§ Work to complete
Lines from the records below that contain the word "shows" are to be copied out.

§ The data
lemma L_gamma_decomposition:
  assumes "m \<ge> 1" "\<And>k. m div 2 < k \<Longrightarrow> f k = 0" "\<And>k. (m - 1) div 2 < k \<Longrightarrow> g k = 0"
  shows "L m (gamma_poly m f + X * gamma_poly (m - 1) g) =
           gamma_poly (Suc m) (alpha_next m f g) + X * gamma_poly m (beta_next m f g)"
proof -
  have "L m (gamma_poly m f + X * gamma_poly (m - 1) g) = L m (gamma_poly m f) + L m (X * gamma_poly (m - 1) g)"
    by (rule L_add)
  also note L_gamma_poly[OF assms(2)]
  also note L_X_gamma_poly[OF assms(1,3)]
  finally show ?thesis
    unfolding alpha_next_def[abs_def] beta_next_def[abs_def] gamma_poly_add gamma_poly_diff
    by (simp add: algebra_simps)
qed

lemma alpha_next_vanishes:
  assumes "m \<ge> 1" "\<And>k. m div 2 < k \<Longrightarrow> f k = 0" "\<And>k. (m - 1) div 2 < k \<Longrightarrow> g k = 0"
    and "Suc m div 2 < k"
  shows "alpha_next m f g k = 0"
  using assms by (simp add: alpha_next_def)

lemma beta_next_vanishes:
  assumes "\<And>k. m div 2 < k \<Longrightarrow> f k = 0" "\<And>k. (m - 1) div 2 < k \<Longrightarrow> g k = 0"
    and "m div 2 < k"
  shows "beta_next m f g k = 0"
  using assms by (simp add: beta_next_def)

lemma revp_add: "revp n (p + q) = revp n p + revp n q"
  by (simp add: revp_def add_monom[symmetric] sum.distrib)

lemma revp_X_mult: "revp (Suc n) (X * p) = revp n p"
  unfolding revp_def by (subst sum.atMost_Suc_shift) simp

lemma revp_Suc:
  assumes "degree p \<le> n"
  shows "revp (Suc n) p = X * revp n p"
proof -
  have "coeff p (Suc n) = 0" using assms by (simp add: coeff_eq_0)
  then show ?thesis
    by (simp add: revp_def sum_distrib_left Suc_diff_le monom_Suc cong: sum.cong_simp)
qed

lemma poly_revp_nonzero:
  assumes "degree p \<le> n" "x \<noteq> 0"
  shows "poly (revp n p) x = x ^ n * poly p (1 / x)"
proof -
  have "poly p (1 / x) = poly (\<Sum>i\<le>n. monom (coeff p i) i) (1 / x)"
    using poly_as_sum_of_monoms'[OF assms(1)] by simp
  then have "x ^ n * poly p (1 / x) = (\<Sum>i\<le>n. coeff p i * (x ^ n * (1 / x) ^ i))"
    by (simp add: poly_sum poly_monom sum_distrib_left mult_ac)
  also have "\<dots> = (\<Sum>i\<le>n. coeff p i * x ^ (n - i))"
    using assms(2) by (intro sum.cong refl) (simp add: power_one_over power_diff field_simps)
  finally show ?thesis by (simp add: poly_revp)
qed

lemma poly_eqI_nonzero:
  fixes p q :: "'a::{ring_char_0, idom} poly"
  assumes "\<And>x. x \<noteq> 0 \<Longrightarrow> poly p x = poly q x"
  shows "p = q"
proof -
  have "[:0, 1:] * p = [:0, 1:] * q"
    using assms by (intro poly_ext) auto
  then show ?thesis by simp
qed

lemma degree_gamma_poly: "degree (gamma_poly n f) \<le> n"
proof -
  have "degree (gamma_basis n k) \<le> n" if "k \<le> n div 2" for k
  proof -
    have "degree (gamma_basis n k) \<le> k + (n - 2*k)"
      using degree_mult_le[of "X ^ k" "Y ^ (n - 2*k)"] degree_power_le[of X k] degree_power_le[of Y "n - 2*k"]
      by (simp add: gamma_basis_def)
    then show ?thesis using that by linarith
  qed
  then show ?thesis
    unfolding gamma_poly_def by (intro degree_sum_le) (auto intro: order.trans[OF degree_smult_le])
qed

lemma revp_gamma_poly: "revp n (gamma_poly n f) = gamma_poly n f"
proof (rule poly_eqI_nonzero)
  fix x :: real assume x: "x \<noteq> 0"
  have palindromic: "x ^ n * poly (gamma_basis n k) (1 / x) = poly (gamma_basis n k) x" if "2*k \<le> n" for k
  proof -
    from that obtain r where n: "n = k + k + r" using le_Suc_ex by (metis mult_2)
    have "x ^ n * poly (gamma_basis n k) (1 / x) = (x ^ k * (1 / x) ^ k) * x ^ k * (x * (1 + 1 / x)) ^ r"
      by (simp add: gamma_basis_def n power_add power_mult_distrib mult_ac)
    also have "x ^ k * (1 / x) ^ k = 1"
      using x by (simp add: power_one_over field_simps)
    also have "x * (1 + 1 / x) = 1 + x"
      using x by (simp add: field_simps)
    finally show ?thesis
      by (simp add: gamma_basis_def n)
  qed
  have "poly (revp n (gamma_poly n f)) x = (\<Sum>k\<le>n div 2. f k * (x ^ n * poly (gamma_basis n k) (1 / x)))"
    unfolding poly_revp_nonzero[OF degree_gamma_poly x] by (simp add: gamma_poly_def poly_sum sum_distrib_left mult_ac)
  also have "\<dots> = poly (gamma_poly n f) x"
    by (simp add: palindromic gamma_poly_def poly_sum)
  finally show "poly (revp n (gamma_poly n f)) x = poly (gamma_poly n f) x" .
qed

lemma symmetric_decomposition_gamma:
  assumes "n \<ge> 1" and p: "p = gamma_poly n f + X * gamma_poly (n - 1) g"
  shows "(p - revp (Suc n) p) div [:1, -1:] = gamma_poly n f"
    and "(revp n p - p) div [:1, -1:] = gamma_poly (n - 1) g"
proof -
  have n: "n = Suc (n - 1)" using assms(1) by simp
  have nz: "[:1, -1:] \<noteq> (0 :: real poly)" by simp
  have "degree (X * gamma_poly (n - 1) g) \<le> n"
    using degree_mult_le[of X "gamma_poly (n - 1) g"] degree_gamma_poly[of "n - 1" g] n by simp
  then have "degree p \<le> n"
    unfolding p by (intro degree_add_le degree_gamma_poly)
  have rev: "revp n p = gamma_poly n f + gamma_poly (n - 1) g"
    unfolding p revp_add revp_gamma_poly by (subst n, subst revp_X_mult) (simp add: revp_gamma_poly)
  have "p - revp (Suc n) p = [:1, -1:] * gamma_poly n f"
    unfolding revp_Suc[OF \<open>degree p \<le> n\<close>] rev by (simp add: p algebra_simps)
  then show "(p - revp (Suc n) p) div [:1, -1:] = gamma_poly n f"
    by (simp only: nonzero_mult_div_cancel_left[OF nz])
  have "revp n p - p = [:1, -1:] * gamma_poly (n - 1) g"
    unfolding rev by (simp add: p algebra_simps)
  then show "(revp n p - p) div [:1, -1:] = gamma_poly (n - 1) g"
    by (simp only: nonzero_mult_div_cancel_left[OF nz])
qed

lemma gamma_poly_Suc_Suc:
  "gamma_poly (Suc (Suc n)) h = smult (h 0) (Y ^ Suc (Suc n)) + X * gamma_poly n (\<lambda>k. h (Suc k))"
proof -
  have "Suc (Suc n) div 2 = Suc (n div 2)" by simp
  then show ?thesis
    unfolding gamma_poly_def by (simp only: sum.atMost_Suc_shift)
      (simp add: gamma_basis_def sum_distrib_left mult_smult_right mult.assoc del: mult_pCons_left)
qed

lemma gamma_poly_eq_0D:
  assumes "gamma_poly n h = 0" "k \<le> n div 2"
  shows "h k = 0"
  using assms
proof (induction n arbitrary: h k rule: nat_induct2)
  case 0
  then show ?case by (simp add: gamma_poly_def gamma_basis_def)
next
  case 1
  then show ?case by (simp add: gamma_poly_def gamma_basis_def)
next
  case (step n)
  have "poly (gamma_poly (Suc (Suc n)) h) 0 = h 0"
    by (simp add: gamma_poly_Suc_Suc)
  then have h0: "h 0 = 0" using step.prems(1) by simp
  then have "gamma_poly n (\<lambda>k. h (Suc k)) = 0"
    using step.prems(1) by (simp add: gamma_poly_Suc_Suc)
  then show ?case
    using h0 step.IH[of "\<lambda>k. h (Suc k)" "k - 1"] step.prems(2) by (cases k) auto
qed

§ Your solution
  shows "L m (gamma_poly m f + X * gamma_poly (m - 1) g) =
  shows "alpha_next m f g k = 0"
  shows "beta_next m f g k = 0"
  shows "revp (Suc n) p = X * revp n p"
  shows "poly (revp n p) x = x ^ n * poly p (1 / x)"
  shows "p = q"
  shows "(p - revp (Suc n) p) div [:1, -1:] = gamma_poly n f"
  shows "h k = 0"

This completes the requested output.